# Dado Installation, Usage, Questions



## Devon7234 (Jan 6, 2011)

I picked up a 10 inch 15 amp Skill table saw from Lowes on the cheap a while ago. I did some modifications to the fence to get accurate consistent cuts. I'm very happy with it. Today, I picked up a dado blade set. It has a max cutting width of 13/16 inches. Because I am aware of the consequences of not following instructions properly I consulted my manual and reviewed the proper installation. I then consulted the NewWoodworker.com for some further safety tips. 

Here are my questions. My Skill table saw has the maximum ability to hold a 1/2 inch dado set. I went ahead and installed the appropriate chippers, inner blade, 1/8, 1/8, outer blade. As I was installing the Arbor nut I noted there was not the appropriate amount of thread visible when installed. NewWoodWorker.com has a video I recall where he mentioned this. I took everything apart, measured with my Vernier calipers, the blades, the spaces and reassembled. Again, the blades were secured on the arbor, but there wasn't a satisfactory amount of visible thread. Now the possibility of having 4 carbide tipped blades come flying off the saw at 5000RPM, whatever the chances, made me stop and rethink the situation. I references the manual again and there was nothing. I ended up removing the two 1/8 chippers and just running it with the outer and inner blades, with the 60mm spacer. I got some pretty sweet dado cuts on some scrap wood. 

Interestingly enough, I looked up the manual for my Skill table saw online. There is an update to the dado section. See below.









Sure would have been nice for them to include this in the paper manual I was referencing. I don't have an "Accessory Dado Washer." Are there any alternatives in the hardware section of Lowes/Home Depot that would be appropriate to use? Also, for all the noobs floating about like myself; I HIGHLY suggest you read and understand EVERYTHING and then consult some supplementary literature on equipment usage.


----------



## johnnie52 (Feb 16, 2009)

On my old craftsman bench top (similar to the skill) the manual actually said to leave the washer off when using Dado blade stacks beyond 1/4 inch. I never had a problem using the dado blades with only the nut without a washer.

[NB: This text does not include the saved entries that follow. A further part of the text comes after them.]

text \<open>Write \<open>\<phi>\<^sub>b(x) = \<integral>\<^sub>0\<^sup>x \<xi> / (1 + b h(\<xi>)) d\<xi>\<close>. Since \<open>1 \<le> 1 + b h \<le> 1 + \<beta>\<^sub>1\<close>, we have
  \<open>\<phi>\<^sub>b(x) \<ge> x\<^sup>2 / (2(1 + \<beta>\<^sub>1))\<close>, and both \<open>\<phi>\<^sub>b(x)\<close> and \<open>1 / (1 + b h(x))\<close> are Lipschitz in \<open>b\<close>
  with constants \<open>x\<^sup>2/2\<close> and \<open>1\<close>. Hence the integrand is bounded by
  \<open>\<bar>b\<^sub>1 - b\<^sub>2\<bar> (1 + x\<^sup>2) exp (-x\<^sup>2 / (1 + \<beta>\<^sub>1))\<close>, whose integral over the half line is
  \<open>\<bar>b\<^sub>1 - b\<^sub>2\<bar> \<surd>\<pi> \<surd>(1 + \<beta>\<^sub>1) (3 + \<beta>\<^sub>1) / 4\<close>; the equation defining \<open>\<beta>\<^sub>1\<close> says this is
  exactly \<open>\<bar>b\<^sub>1 - b\<^sub>2\<bar> / (2 \<gamma> \<beta>\<^sub>1)\<close>.\<close>

definition phase :: "real \<Rightarrow> (real \<Rightarrow> real) \<Rightarrow> real \<Rightarrow> real" where
  "phase b h x = integral {0..x} (\<lambda>\<xi>. \<xi> / (1 + b * h \<xi>))"

definition profile :: "real \<Rightarrow> (real \<Rightarrow> real) \<Rightarrow> real \<Rightarrow> real" where
  "profile b h x = exp (-2 * phase b h x) / (1 + b * h x)"

lemma real_analytic_on_imp_continuous_on:
  assumes "real_analytic_on h S"
  shows "continuous_on S h"
proof (rule continuous_on_eq_continuous_within[THEN iffD2], rule ballI)
  fix x assume "x \<in> S"
  then obtain r c where "r > 0"
    and c: "\<And>y. y \<in> S \<Longrightarrow> \<bar>y - x\<bar> < r \<Longrightarrow> (\<lambda>n. c n * (y - x) ^ n) sums h y"
    using assms unfolding real_analytic_on_def by blast
  show "continuous (at x within S) h"
  proof (cases "x islimpt S")
    case False
    then show ?thesis by (simp add: continuous_trivial_limit trivial_limit_within)
  next
    case True
    then obtain y where y: "y \<in> S" "y \<noteq> x" "\<bar>y - x\<bar> < r"
      using \<open>r > 0\<close> by (auto simp: islimpt_approachable dist_real_def)
    define g where "g = (\<lambda>t. \<Sum>n. c n * t ^ n)"
    \<comment> \<open>convergence at the point \<open>y \<noteq> x\<close> makes \<open>g\<close> continuous at \<open>0\<close>\<close>
    have "summable (\<lambda>n. c n * (y - x) ^ n)"
      using c[OF y(1,3)] by (simp add: sums_iff)
    then have "isCont g 0"
      unfolding g_def by (rule isCont_powser) (use y in auto)
    then have "isCont (\<lambda>t. g (t - x)) x"
      using continuous_at_compose[of x "\<lambda>t. t - x" g] by (auto simp: o_def intro!: continuous_intros)
    then have "continuous (at x within S) (\<lambda>t. g (t - x))"
      by (rule continuous_at_imp_continuous_at_within)
    then show ?thesis
    proof (rule continuous_transform_within[OF _ \<open>r > 0\<close> \<open>x \<in> S\<close>])
      fix t assume "t \<in> S" "dist t x < r"
      then show "g (t - x) = h t"
        using c[of t] unfolding g_def dist_real_def by (simp add: sums_iff)
    qed
  qed
qed

lemma beta1_root:
  assumes "\<gamma> > 0"
  shows beta1_pos: "beta1 \<gamma> > 0"
    and beta1_eq: "sqrt pi / 2 * \<gamma> * beta1 \<gamma> * sqrt (1 + beta1 \<gamma>) * (3 + beta1 \<gamma>) = 1"
proof -
  define f where "f = (\<lambda>x. sqrt pi / 2 * \<gamma> * x * sqrt (1 + x) * (3 + x))"
  have f_less: "f x < f y" if "0 < x" "x < y" for x y
  proof -
    have "sqrt pi / 2 * \<gamma> * x < sqrt pi / 2 * \<gamma> * y"
      using that assms by simp
    then have "sqrt pi / 2 * \<gamma> * x * sqrt (1 + x) < sqrt pi / 2 * \<gamma> * y * sqrt (1 + y)"
      by (rule mult_less_le_imp_less) (use that assms in simp_all)
    then show ?thesis
      unfolding f_def by (rule mult_strict_mono) (use that assms in simp_all)
  qed
  have "f 0 \<le> 1" by (simp add: f_def)
  moreover have "1 \<le> f (1 / \<gamma>)"
  proof -
    have "1 * (1 * 3) \<le> sqrt pi * (sqrt (1 + 1 / \<gamma>) * (3 + 1 / \<gamma>))"
      using pi_gt3 assms by (intro mult_mono) auto
    then show ?thesis using assms by (simp add: f_def field_simps)
  qed
  moreover have "continuous_on {0..1 / \<gamma>} f"
    unfolding f_def by (intro continuous_intros)
  ultimately obtain x where "0 \<le> x" "f x = 1"
    using IVT'[of f 0 1 "1 / \<gamma>"] assms by auto
  then have "x > 0" by (cases "x = 0") (auto simp: f_def)
  have "(THE x. x > 0 \<and> f x = 1) = x"
  proof (rule the_equality)
    show "x > 0 \<and> f x = 1" using \<open>x > 0\<close> \<open>f x = 1\<close> by simp
  next
    fix y assume "y > 0 \<and> f y = 1"
    then show "y = x"
      using f_less[of y x] f_less[of x y] \<open>x > 0\<close> \<open>f x = 1\<close> by (cases y x rule: linorder_cases) auto
  qed
  then have "beta1 \<gamma> = x" by (simp add: beta1_def f_def)
  with \<open>x > 0\<close> \<open>f x = 1\<close> show "beta1 \<gamma> > 0"
    and "sqrt pi / 2 * \<gamma> * beta1 \<gamma> * sqrt (1 + beta1 \<gamma>) * (3 + beta1 \<gamma>) = 1"
    by (simp_all add: f_def)
qed

lemma has_integral_gaussian_weight:
  fixes a :: real
  assumes "a > 0"
  shows "((\<lambda>x. (1 + x\<^sup>2) * exp (- x\<^sup>2 / a)) has_integral sqrt pi / 4 * sqrt a * (2 + a)) {0..}"
proof -
  have m2: "has_bochner_integral lborel (\<lambda>t. indicator {0..} t *\<^sub>R (exp (- t\<^sup>2) * t ^ (2 * 1)))
      (sqrt pi / 2 * (fact (2 * 1) / (2 ^ (2 * 1) * fact 1)))"
    by (rule gaussian_moment_even_pos)
  have "has_bochner_integral lborel
      (\<lambda>t. indicator {0..} t *\<^sub>R exp (- t\<^sup>2) + a * (indicator {0..} t *\<^sub>R (exp (- t\<^sup>2) * t\<^sup>2)))
      (sqrt pi / 2 + a * (sqrt pi / 4))"
    using has_bochner_integral_add[OF gaussian_moment_0 has_bochner_integral_mult_right[OF m2, of a]]
    by (simp add: fact_numeral)
  then have "has_bochner_integral lborel (\<lambda>t. indicator {0..} t * ((1 + a * t\<^sup>2) * exp (- t\<^sup>2)))
      (sqrt pi / 4 * (2 + a))"
    by (simp add: field_simps)
  \<comment> \<open>substitute \<open>t = x / \<surd>a\<close>\<close>
  then have "has_bochner_integral lborel
      (\<lambda>x. indicator {0..} (x / sqrt a) * ((1 + a * (x / sqrt a)\<^sup>2) * exp (- (x / sqrt a)\<^sup>2)))
      (sqrt pi / 4 * sqrt a * (2 + a))"
    by (subst (asm) lborel_has_bochner_integral_real_affine_iff[where c = "1 / sqrt a" and t = 0])
       (use assms in \<open>simp_all add: field_simps\<close>)
  also have "(\<lambda>x. indicator {0..} (x / sqrt a) * ((1 + a * (x / sqrt a)\<^sup>2) * exp (- (x / sqrt a)\<^sup>2)))
      = (\<lambda>x. if x \<in> {0..} then (1 + x\<^sup>2) * exp (- x\<^sup>2 / a) else 0)"
    using assms by (auto simp: fun_eq_iff indicator_def power_divide zero_le_divide_iff)
  finally have I: "has_bochner_integral lborel
      (\<lambda>x. if x \<in> {0..} then (1 + x\<^sup>2) * exp (- x\<^sup>2 / a) else 0) (sqrt pi / 4 * sqrt a * (2 + a))" .
  have "((\<lambda>x. if x \<in> {0..} then (1 + x\<^sup>2) * exp (- x\<^sup>2 / a) else 0) has_integral
      sqrt pi / 4 * sqrt a * (2 + a)) UNIV"
    using has_integral_integral_lborel[OF integrable.intros[OF I]]
    by (simp only: has_bochner_integral_integral_eq[OF I])
  then show ?thesis
    by (simp only: has_integral_restrict_UNIV)
qed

What disappointed me most was the saw could not cat a 3/4" dado in a single pass. Which meant loading up everything for a 1/2" dado and making two cuts by moving the fence to get the 3/4 size.


----------



## DST (Jan 10, 2011)

Craftsman actually makes a nice little adjustable (wobble) dado that I used when I had a short arbor saw.


----------



## Devon7234 (Jan 6, 2011)

Sounds odd and might be very unsafe.


----------



## thegrgyle (Jan 11, 2011)

my only sugggestion would be to contact Skil, and tell them your dilemma... they may point you in a direction as to where to get your "accessory dado washer". Maybe at the very least, they could tell you the Thread dimensions of the arbor on your saw.

when I bought my first table saw (a benchtop), I too also found out that the table saw was not up to snuff for a serious woodworker. I then saved up some more money, watched for deals, and when I came across one, I bought a contractors saw, that had a long enough arbor. I then sold my benchtop thru a local flier for about 75% of what I bought it for, and moved on my way.


----------



## Burt (Nov 16, 2009)

I kind of had similar problem when mounting a wide Dado stack on my Bosch 4000 saw. What was suggested and what I do is: Swap the inner washer with the outer washer. The inner washer is thicker than the outer, therefore offsets the Dado stack enough to gain a few more arbor threads. Make sure you Dado insert will have enough clearance. Remember to compensate your fence measurements for the offset.


----------



## Seth (Mar 23, 2010)

I recently got a Porter Cable table saw and I found in the manual that I don't need to use the washer when using the dado set. 

Also, I never hear anybody say the adjustable or "wobble" dado blades are a good idea. Always go with a stacked set. I just got my first dado set a couple weeks ago and I dig it....I'm kind of bummed however, that my table saw only allows for a 1/2" stack even though my set can stack wider. Oh well, it's not the end of the world. I'm still new to it so it's all still exciting, haha!

-Seth


----------